Excerpted records: Begin

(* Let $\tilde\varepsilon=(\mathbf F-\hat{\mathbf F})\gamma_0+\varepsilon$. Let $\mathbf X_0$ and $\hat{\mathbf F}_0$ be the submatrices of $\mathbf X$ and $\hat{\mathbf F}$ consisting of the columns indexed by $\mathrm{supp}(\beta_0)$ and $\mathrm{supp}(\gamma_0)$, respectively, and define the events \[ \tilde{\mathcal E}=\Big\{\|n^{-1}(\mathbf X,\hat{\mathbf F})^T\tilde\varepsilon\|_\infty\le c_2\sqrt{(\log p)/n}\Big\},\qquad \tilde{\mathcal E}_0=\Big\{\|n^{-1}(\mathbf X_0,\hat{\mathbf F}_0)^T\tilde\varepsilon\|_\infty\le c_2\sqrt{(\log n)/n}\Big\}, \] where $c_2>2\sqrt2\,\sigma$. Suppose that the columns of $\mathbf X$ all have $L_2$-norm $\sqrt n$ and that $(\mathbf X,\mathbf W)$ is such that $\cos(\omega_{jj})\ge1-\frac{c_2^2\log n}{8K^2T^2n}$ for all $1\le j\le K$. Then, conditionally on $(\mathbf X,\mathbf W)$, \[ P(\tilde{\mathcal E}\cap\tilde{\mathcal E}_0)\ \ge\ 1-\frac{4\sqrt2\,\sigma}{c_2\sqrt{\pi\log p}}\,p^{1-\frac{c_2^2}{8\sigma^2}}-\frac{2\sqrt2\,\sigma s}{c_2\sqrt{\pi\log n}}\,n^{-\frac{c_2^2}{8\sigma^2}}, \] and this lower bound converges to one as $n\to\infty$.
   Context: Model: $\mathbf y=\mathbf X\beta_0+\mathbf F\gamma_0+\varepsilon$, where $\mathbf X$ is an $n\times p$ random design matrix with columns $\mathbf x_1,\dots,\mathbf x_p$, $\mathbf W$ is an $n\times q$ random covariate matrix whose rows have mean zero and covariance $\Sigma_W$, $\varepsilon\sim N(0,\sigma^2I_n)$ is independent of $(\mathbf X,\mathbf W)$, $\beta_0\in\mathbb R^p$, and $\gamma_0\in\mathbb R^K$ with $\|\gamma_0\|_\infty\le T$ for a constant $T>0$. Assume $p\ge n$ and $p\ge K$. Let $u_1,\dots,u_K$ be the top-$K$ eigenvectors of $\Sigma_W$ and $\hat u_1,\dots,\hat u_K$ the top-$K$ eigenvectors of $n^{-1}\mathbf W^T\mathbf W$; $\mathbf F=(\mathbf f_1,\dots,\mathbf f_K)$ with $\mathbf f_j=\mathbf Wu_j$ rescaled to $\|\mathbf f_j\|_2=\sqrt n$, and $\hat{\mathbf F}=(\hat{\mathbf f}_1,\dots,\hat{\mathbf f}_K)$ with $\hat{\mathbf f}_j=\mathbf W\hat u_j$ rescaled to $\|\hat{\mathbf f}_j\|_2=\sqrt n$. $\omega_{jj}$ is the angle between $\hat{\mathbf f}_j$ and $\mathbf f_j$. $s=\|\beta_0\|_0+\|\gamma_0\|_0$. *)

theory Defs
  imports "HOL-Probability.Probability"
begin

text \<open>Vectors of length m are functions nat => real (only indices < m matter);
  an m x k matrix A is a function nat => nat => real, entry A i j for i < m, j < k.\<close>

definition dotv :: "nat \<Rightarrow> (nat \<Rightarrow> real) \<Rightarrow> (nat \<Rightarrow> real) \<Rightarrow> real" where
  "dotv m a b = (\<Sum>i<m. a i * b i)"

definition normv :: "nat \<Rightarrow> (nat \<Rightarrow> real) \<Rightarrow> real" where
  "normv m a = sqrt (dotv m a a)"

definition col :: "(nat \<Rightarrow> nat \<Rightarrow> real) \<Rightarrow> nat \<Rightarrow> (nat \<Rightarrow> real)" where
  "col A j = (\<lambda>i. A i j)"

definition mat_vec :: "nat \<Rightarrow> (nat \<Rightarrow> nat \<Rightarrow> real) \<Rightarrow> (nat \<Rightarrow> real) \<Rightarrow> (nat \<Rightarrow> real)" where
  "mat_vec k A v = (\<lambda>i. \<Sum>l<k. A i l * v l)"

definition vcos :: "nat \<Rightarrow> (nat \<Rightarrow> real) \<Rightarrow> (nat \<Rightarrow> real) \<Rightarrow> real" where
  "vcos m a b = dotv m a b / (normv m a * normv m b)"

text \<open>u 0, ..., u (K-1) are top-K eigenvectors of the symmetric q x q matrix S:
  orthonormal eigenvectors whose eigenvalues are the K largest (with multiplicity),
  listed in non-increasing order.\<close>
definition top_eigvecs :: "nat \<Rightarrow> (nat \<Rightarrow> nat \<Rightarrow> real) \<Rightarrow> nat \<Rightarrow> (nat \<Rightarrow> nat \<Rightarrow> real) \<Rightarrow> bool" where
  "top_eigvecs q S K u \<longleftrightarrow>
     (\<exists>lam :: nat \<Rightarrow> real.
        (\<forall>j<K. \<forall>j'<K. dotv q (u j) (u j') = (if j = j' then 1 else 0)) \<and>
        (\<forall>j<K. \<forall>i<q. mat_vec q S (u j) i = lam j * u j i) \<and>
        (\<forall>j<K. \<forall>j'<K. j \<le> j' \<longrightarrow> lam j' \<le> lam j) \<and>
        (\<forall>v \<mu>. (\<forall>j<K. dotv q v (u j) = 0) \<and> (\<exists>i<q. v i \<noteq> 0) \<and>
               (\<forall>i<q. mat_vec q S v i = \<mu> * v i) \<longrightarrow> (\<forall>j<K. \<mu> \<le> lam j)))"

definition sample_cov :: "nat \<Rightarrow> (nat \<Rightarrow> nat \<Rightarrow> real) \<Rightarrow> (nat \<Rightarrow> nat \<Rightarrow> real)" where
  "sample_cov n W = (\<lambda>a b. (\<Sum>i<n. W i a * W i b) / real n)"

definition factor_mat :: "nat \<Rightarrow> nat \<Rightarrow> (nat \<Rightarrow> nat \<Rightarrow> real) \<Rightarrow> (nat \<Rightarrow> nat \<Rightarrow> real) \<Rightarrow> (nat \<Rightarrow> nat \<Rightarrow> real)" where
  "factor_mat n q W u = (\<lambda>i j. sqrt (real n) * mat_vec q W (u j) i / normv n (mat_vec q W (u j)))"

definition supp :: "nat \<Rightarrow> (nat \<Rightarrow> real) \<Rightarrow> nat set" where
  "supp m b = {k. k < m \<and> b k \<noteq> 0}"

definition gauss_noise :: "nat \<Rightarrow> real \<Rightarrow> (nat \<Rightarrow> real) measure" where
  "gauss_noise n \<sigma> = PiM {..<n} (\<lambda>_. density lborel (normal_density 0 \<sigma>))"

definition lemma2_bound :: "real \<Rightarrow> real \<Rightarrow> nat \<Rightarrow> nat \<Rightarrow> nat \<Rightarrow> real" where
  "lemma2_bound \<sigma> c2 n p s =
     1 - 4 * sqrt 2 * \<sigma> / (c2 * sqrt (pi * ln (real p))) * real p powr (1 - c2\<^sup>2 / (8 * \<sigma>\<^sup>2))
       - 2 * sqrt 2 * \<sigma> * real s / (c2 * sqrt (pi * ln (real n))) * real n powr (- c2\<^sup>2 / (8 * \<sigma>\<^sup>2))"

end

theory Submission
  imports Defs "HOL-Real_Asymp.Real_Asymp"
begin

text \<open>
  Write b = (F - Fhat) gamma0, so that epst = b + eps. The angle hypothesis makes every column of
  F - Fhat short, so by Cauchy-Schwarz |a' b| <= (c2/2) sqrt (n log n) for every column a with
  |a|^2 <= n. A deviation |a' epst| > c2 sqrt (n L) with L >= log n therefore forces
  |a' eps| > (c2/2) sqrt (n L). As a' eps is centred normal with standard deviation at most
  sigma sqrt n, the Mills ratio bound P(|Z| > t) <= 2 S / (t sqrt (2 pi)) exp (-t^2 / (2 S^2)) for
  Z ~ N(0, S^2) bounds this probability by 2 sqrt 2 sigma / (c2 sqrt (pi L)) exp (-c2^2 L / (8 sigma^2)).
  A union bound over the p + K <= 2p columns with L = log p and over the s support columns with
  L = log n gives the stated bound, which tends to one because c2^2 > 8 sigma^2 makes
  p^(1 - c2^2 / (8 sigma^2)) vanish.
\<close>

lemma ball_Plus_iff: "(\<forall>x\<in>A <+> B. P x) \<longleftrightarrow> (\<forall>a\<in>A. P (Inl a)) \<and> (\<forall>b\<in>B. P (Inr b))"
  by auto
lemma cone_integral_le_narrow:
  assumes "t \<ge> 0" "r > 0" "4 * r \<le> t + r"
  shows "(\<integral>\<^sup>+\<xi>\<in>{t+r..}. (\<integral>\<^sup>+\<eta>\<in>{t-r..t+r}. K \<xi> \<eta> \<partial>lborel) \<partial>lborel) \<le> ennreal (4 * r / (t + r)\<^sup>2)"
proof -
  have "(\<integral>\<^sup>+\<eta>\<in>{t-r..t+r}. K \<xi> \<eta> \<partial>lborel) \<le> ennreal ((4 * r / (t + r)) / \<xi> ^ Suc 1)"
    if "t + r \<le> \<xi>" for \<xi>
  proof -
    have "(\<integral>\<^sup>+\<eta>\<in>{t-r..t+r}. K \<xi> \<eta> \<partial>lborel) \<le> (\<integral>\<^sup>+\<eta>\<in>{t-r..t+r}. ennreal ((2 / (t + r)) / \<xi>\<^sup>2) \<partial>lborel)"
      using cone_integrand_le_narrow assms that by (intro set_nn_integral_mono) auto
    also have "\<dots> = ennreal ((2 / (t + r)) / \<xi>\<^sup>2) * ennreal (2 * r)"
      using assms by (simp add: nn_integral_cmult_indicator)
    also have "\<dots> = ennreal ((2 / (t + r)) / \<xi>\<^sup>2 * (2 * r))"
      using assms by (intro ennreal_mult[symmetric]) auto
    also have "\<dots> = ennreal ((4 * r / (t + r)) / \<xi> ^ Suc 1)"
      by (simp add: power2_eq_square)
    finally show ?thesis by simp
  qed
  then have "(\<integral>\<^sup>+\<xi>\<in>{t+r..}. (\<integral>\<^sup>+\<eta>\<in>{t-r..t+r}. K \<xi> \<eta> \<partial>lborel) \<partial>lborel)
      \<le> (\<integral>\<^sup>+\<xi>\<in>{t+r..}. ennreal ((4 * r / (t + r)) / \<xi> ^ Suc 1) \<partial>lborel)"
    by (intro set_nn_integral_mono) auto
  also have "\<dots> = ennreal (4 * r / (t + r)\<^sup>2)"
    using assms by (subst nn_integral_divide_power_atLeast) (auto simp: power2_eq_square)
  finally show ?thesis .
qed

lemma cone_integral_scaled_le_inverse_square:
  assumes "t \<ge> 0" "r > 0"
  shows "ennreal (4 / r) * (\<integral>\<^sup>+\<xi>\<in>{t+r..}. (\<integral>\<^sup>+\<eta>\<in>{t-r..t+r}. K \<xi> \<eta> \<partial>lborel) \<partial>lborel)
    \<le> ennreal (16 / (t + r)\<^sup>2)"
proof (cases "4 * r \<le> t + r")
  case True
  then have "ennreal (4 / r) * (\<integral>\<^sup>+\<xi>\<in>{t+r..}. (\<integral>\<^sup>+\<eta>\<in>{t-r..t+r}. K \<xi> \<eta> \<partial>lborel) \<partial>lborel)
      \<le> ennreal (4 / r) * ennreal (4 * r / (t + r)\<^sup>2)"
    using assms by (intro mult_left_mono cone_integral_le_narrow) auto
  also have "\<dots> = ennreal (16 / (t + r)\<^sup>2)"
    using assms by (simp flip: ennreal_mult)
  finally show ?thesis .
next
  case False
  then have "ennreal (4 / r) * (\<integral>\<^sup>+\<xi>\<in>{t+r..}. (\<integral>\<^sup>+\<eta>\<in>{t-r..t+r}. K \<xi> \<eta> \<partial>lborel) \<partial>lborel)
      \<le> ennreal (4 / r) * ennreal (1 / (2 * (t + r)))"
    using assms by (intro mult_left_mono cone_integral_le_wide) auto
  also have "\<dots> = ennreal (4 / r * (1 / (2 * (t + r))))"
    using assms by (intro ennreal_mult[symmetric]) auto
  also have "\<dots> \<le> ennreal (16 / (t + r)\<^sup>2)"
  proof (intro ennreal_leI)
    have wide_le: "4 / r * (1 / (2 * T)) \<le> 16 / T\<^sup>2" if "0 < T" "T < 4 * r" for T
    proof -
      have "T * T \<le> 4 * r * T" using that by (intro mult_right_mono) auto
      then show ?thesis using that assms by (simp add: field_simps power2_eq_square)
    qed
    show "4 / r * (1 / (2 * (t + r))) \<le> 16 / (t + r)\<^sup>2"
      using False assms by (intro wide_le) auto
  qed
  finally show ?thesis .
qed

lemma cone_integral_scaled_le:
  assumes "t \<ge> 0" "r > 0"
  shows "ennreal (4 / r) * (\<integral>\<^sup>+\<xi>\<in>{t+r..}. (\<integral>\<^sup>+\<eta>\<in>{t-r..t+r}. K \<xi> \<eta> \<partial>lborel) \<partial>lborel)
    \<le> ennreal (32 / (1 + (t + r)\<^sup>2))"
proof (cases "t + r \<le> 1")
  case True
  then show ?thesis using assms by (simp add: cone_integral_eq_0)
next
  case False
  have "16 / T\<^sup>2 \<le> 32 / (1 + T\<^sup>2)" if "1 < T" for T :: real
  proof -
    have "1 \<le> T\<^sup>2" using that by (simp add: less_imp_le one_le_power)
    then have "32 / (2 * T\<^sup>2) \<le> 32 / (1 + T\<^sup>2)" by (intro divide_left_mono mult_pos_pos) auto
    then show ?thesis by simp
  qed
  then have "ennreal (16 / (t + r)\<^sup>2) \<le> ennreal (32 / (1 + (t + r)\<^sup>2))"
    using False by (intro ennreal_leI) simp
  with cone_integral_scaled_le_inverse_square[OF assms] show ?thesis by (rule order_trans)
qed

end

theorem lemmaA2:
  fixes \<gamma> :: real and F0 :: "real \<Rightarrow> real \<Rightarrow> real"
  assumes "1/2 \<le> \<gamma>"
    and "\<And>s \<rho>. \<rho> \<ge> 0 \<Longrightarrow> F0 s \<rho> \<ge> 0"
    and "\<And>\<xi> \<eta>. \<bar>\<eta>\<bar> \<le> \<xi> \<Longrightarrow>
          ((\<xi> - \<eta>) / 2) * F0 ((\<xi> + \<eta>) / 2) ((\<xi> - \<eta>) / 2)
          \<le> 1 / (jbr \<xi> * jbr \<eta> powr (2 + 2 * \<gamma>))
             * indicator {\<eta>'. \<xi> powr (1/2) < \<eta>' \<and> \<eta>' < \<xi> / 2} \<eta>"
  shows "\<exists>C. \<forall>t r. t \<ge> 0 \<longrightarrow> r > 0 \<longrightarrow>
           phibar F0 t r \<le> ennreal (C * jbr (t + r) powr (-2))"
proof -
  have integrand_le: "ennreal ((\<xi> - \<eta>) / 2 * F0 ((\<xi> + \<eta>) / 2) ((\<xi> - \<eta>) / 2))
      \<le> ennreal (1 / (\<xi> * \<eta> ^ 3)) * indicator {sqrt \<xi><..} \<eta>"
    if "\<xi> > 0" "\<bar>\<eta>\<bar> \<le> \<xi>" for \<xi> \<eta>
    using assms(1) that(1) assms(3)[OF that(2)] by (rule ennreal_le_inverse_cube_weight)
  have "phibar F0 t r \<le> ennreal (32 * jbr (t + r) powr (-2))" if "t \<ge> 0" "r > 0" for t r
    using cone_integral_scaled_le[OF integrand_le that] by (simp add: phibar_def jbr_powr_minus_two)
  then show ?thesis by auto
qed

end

Excerpted records: End

Your assignment:
From the entries above, print the lines beginning at the one with "L = log n gives" and stopping after the one with "ennreal (2 *", exactly as written and with nothing else.

Output for this exercise:
  L = log n gives the stated bound, which tends to one because c2^2 > 8 sigma^2 makes
  p^(1 - c2^2 / (8 sigma^2)) vanish.
\<close>

lemma ball_Plus_iff: "(\<forall>x\<in>A <+> B. P x) \<longleftrightarrow> (\<forall>a\<in>A. P (Inl a)) \<and> (\<forall>b\<in>B. P (Inr b))"
  by auto
lemma cone_integral_le_narrow:
  assumes "t \<ge> 0" "r > 0" "4 * r \<le> t + r"
  shows "(\<integral>\<^sup>+\<xi>\<in>{t+r..}. (\<integral>\<^sup>+\<eta>\<in>{t-r..t+r}. K \<xi> \<eta> \<partial>lborel) \<partial>lborel) \<le> ennreal (4 * r / (t + r)\<^sup>2)"
proof -
  have "(\<integral>\<^sup>+\<eta>\<in>{t-r..t+r}. K \<xi> \<eta> \<partial>lborel) \<le> ennreal ((4 * r / (t + r)) / \<xi> ^ Suc 1)"
    if "t + r \<le> \<xi>" for \<xi>
  proof -
    have "(\<integral>\<^sup>+\<eta>\<in>{t-r..t+r}. K \<xi> \<eta> \<partial>lborel) \<le> (\<integral>\<^sup>+\<eta>\<in>{t-r..t+r}. ennreal ((2 / (t + r)) / \<xi>\<^sup>2) \<partial>lborel)"
      using cone_integrand_le_narrow assms that by (intro set_nn_integral_mono) auto
    also have "\<dots> = ennreal ((2 / (t + r)) / \<xi>\<^sup>2) * ennreal (2 * r)"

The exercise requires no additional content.